Items from a dataset:
--*--

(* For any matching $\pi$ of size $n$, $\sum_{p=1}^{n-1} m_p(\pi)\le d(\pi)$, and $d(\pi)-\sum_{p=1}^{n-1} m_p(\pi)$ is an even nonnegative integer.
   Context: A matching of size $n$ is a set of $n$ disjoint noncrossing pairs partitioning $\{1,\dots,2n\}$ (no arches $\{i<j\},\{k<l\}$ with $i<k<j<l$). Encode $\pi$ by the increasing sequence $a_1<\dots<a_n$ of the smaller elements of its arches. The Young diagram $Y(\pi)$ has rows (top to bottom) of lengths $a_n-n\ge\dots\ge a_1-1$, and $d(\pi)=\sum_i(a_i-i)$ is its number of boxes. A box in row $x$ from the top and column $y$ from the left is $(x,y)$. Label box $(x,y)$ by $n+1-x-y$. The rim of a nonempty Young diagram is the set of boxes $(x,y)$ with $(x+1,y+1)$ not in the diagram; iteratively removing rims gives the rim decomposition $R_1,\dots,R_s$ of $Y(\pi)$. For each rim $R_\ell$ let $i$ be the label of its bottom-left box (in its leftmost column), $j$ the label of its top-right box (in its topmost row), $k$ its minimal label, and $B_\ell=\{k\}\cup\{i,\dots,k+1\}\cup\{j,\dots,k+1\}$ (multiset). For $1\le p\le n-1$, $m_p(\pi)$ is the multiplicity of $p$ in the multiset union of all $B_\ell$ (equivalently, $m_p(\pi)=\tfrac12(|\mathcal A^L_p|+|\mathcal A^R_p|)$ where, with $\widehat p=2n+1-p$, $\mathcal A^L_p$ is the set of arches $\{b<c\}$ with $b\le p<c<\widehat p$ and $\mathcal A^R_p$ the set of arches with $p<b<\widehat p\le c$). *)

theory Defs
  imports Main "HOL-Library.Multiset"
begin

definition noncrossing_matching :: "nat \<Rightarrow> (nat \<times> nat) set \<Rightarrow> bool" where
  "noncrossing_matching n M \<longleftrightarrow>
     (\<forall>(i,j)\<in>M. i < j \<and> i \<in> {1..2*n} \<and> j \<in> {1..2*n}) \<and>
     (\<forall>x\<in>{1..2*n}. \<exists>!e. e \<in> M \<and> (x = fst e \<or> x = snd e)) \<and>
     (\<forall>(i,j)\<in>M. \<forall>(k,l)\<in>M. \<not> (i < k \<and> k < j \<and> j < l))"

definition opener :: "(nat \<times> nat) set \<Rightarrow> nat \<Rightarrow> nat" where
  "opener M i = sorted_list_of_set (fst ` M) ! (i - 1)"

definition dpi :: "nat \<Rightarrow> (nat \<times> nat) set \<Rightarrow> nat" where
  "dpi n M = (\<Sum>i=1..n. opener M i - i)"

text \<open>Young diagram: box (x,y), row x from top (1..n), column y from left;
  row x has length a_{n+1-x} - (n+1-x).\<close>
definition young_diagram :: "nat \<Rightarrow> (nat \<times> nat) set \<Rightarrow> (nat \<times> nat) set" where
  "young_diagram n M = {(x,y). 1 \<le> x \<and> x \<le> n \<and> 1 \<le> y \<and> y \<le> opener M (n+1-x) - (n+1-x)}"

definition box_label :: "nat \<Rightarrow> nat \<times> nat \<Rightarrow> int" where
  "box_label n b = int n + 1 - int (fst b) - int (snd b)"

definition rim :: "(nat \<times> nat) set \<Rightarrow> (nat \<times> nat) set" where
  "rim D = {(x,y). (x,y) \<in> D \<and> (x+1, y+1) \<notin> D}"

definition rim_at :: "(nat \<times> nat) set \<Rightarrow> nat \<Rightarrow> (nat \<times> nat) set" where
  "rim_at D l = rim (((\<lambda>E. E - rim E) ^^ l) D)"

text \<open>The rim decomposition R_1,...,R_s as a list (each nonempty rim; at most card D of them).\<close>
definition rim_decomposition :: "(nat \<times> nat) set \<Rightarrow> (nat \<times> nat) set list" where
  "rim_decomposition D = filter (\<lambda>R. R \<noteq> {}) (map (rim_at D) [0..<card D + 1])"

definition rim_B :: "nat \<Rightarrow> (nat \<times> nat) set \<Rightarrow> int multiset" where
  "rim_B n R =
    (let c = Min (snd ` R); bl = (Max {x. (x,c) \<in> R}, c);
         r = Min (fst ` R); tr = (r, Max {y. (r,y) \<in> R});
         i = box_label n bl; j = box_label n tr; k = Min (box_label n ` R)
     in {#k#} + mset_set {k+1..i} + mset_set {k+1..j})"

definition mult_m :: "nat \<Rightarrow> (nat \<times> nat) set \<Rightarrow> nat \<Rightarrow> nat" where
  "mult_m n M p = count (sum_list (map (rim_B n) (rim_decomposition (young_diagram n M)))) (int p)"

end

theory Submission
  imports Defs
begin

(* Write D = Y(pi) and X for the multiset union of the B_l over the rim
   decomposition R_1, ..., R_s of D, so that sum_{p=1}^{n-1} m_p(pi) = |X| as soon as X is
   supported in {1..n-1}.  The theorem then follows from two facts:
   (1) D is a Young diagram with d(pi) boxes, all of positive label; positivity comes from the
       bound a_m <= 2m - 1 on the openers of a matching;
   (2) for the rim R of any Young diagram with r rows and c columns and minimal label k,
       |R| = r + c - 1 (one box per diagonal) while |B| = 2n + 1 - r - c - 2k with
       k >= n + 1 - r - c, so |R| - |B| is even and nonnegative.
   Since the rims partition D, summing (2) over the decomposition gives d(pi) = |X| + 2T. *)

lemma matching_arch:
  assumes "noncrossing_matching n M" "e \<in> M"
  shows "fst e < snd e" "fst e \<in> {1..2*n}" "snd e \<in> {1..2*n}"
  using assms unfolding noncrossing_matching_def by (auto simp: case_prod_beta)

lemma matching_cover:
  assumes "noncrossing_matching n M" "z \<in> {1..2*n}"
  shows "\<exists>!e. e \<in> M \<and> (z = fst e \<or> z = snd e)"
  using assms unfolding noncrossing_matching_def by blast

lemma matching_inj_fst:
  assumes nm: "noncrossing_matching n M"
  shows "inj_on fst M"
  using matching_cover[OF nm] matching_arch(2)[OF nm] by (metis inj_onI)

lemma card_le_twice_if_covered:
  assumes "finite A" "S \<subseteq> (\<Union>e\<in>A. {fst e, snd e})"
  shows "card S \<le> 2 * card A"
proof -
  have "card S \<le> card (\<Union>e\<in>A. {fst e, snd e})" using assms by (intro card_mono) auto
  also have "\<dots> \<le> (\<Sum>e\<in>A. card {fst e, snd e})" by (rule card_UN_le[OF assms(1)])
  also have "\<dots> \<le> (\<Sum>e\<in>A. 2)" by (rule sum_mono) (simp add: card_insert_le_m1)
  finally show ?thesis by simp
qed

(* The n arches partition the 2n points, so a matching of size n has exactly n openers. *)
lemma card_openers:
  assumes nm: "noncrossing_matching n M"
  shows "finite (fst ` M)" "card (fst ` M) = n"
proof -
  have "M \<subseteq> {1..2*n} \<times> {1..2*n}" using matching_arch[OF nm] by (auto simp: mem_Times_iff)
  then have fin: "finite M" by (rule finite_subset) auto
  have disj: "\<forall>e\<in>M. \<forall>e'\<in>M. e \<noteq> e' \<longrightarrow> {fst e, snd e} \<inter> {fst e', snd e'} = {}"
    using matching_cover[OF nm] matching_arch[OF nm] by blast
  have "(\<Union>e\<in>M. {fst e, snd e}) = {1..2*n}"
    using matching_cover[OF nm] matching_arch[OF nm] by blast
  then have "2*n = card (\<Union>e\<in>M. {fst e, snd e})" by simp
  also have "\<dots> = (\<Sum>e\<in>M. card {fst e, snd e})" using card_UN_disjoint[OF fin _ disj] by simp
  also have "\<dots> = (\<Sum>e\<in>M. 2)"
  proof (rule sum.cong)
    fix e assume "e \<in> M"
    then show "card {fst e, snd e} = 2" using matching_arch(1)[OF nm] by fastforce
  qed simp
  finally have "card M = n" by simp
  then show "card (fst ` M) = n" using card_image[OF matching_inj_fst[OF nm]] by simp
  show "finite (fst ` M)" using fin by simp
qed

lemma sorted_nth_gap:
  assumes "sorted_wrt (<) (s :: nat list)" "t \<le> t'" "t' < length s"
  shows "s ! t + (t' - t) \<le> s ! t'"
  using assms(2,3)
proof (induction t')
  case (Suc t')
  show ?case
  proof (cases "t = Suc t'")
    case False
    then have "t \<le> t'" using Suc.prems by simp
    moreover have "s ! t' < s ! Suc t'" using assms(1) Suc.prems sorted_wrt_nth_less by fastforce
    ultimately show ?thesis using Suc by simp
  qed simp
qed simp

--*--

#### [TASK OBJECTIVE]
Please set down exactly the lines running from the one with "disj] by simp" to the last line of the entries above, both of them included, and no others.

#### [EXERCISE SOLUTION]
  also have "\<dots> = (\<Sum>e\<in>M. card {fst e, snd e})" using card_UN_disjoint[OF fin _ disj] by simp
  also have "\<dots> = (\<Sum>e\<in>M. 2)"
  proof (rule sum.cong)
    fix e assume "e \<in> M"
    then show "card {fst e, snd e} = 2" using matching_arch(1)[OF nm] by fastforce
  qed simp
  finally have "card M = n" by simp
  then show "card (fst ` M) = n" using card_image[OF matching_inj_fst[OF nm]] by simp
  show "finite (fst ` M)" using fin by simp
qed

lemma sorted_nth_gap:
  assumes "sorted_wrt (<) (s :: nat list)" "t \<le> t'" "t' < length s"
  shows "s ! t + (t' - t) \<le> s ! t'"
  using assms(2,3)
proof (induction t')
  case (Suc t')
  show ?case
  proof (cases "t = Suc t'")
    case False
    then have "t \<le> t'" using Suc.prems by simp
    moreover have "s ! t' < s ! Suc t'" using assms(1) Suc.prems sorted_wrt_nth_less by fastforce
    ultimately show ?thesis using Suc by simp
  qed simp
qed simp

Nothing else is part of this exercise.